Anabel Inge (2018), seorang peneliti Salafisme di Inggris menyebut proses ini sebagai ‘reverted Muslim’ atau ‘born-again Muslim’ yaitu proses di mana seseorang menjadi Muslim yang terlahir kembali. Bahkan, mereka tidak lagi mau mengidentifikasi kehidupan mereka sebelumnya sebagai seorang Muslim dan merujuk kehidupan mereka di masa lalu sebagai zaman jahiliyah (kebodohan)(Inge 2016).
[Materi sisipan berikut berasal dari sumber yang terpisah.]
lemma fourier_coeff_of_real:
  fixes F :: "real \<Rightarrow> real"
  assumes F: "F \<in> borel_measurable circ" "\<And>\<theta>. \<bar>F \<theta>\<bar> \<le> C"
  shows "fourier_coeff (\<lambda>\<theta>. complex_of_real (F \<theta>)) n =
           complex_of_real ((LINT \<theta>|circ. F \<theta> * cos (of_int n * \<theta>)) / (2*pi)) -
           \<i> * complex_of_real ((LINT \<theta>|circ. F \<theta> * sin (of_int n * \<theta>)) / (2*pi))"
proof -
  interpret finite_measure circ by simp
  have int: "integrable circ (\<lambda>\<theta>. F \<theta> * f (of_int n * \<theta>))" if "\<And>t. \<bar>f t\<bar> \<le> 1" "continuous_on UNIV f" for f
  proof (rule integrable_const_bound[where B=C])
    show "AE \<theta> in circ. norm (F \<theta> * f (of_int n * \<theta>)) \<le> C"
    proof (rule AE_I2)
      fix \<theta>
      have "\<bar>F \<theta>\<bar> * \<bar>f (of_int n * \<theta>)\<bar> \<le> \<bar>F \<theta>\<bar> * 1" by (intro mult_left_mono that(1)) auto
      then show "norm (F \<theta> * f (of_int n * \<theta>)) \<le> C" using F(2)[of \<theta>] by (simp add: abs_mult)
    qed
    show "(\<lambda>\<theta>. F \<theta> * f (of_int n * \<theta>)) \<in> borel_measurable circ"
      using F(1) borel_measurable_circ_continuous[OF continuous_on_compose2[OF that(2)], of "\<lambda>\<theta>. of_int n * \<theta>"]
      by (auto intro!: continuous_intros)
  qed
  have ic: "integrable circ (\<lambda>\<theta>. F \<theta> * cos (of_int n * \<theta>))"
    and isin: "integrable circ (\<lambda>\<theta>. F \<theta> * sin (of_int n * \<theta>))"
    by (rule int; auto intro!: continuous_intros)+
  have eq: "complex_of_real (F \<theta>) * exp (- \<i> * of_int n * complex_of_real \<theta>) =
          complex_of_real (F \<theta> * cos (of_int n * \<theta>)) - \<i> * complex_of_real (F \<theta> * sin (of_int n * \<theta>))" for \<theta>
    by (simp add: complex_eq_iff Re_exp Im_exp)
  have "(LINT \<theta>|circ. complex_of_real (F \<theta>) * exp (- \<i> * of_int n * complex_of_real \<theta>)) =
      complex_of_real (LINT \<theta>|circ. F \<theta> * cos (of_int n * \<theta>)) - \<i> * complex_of_real (LINT \<theta>|circ. F \<theta> * sin (of_int n * \<theta>))"
    unfolding eq Bochner_Integration.integral_diff[OF integrable_of_real[OF ic] integrable_mult_right[OF integrable_of_real[OF isin]]]
    by (simp only: integral_mult_right_zero integral_complex_of_real)
  then show ?thesis unfolding fourier_coeff_def by (simp add: field_simps)
qed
Oleh karenanya, mereka yang tidak memadai secara agama, merasa hidup ‘tidak lengkap’ di perantauan, serta memiliki perasaan tidak yakin dengan arah hidup mereka adalah jenis individu yang rentan disasar oleh para perekrut aksi kekerasan mengatasnamakan agama.
Peran keluarga bagi kerentanan individu
Dalam penelitian yang saya lakukan terhadap 31 keluarga teroris di Indonesia, saya menemukan bahwa ada kontribusi keluarga terhadap rentannya individu untuk menerima sosialisasi dari luar lingkungan keluarga. Begitu juga sebaliknya, keluarga berkontribusi terhadap kokohnya identitas seseorang sehingga tidak terbawa oleh sosialisasi dari luar.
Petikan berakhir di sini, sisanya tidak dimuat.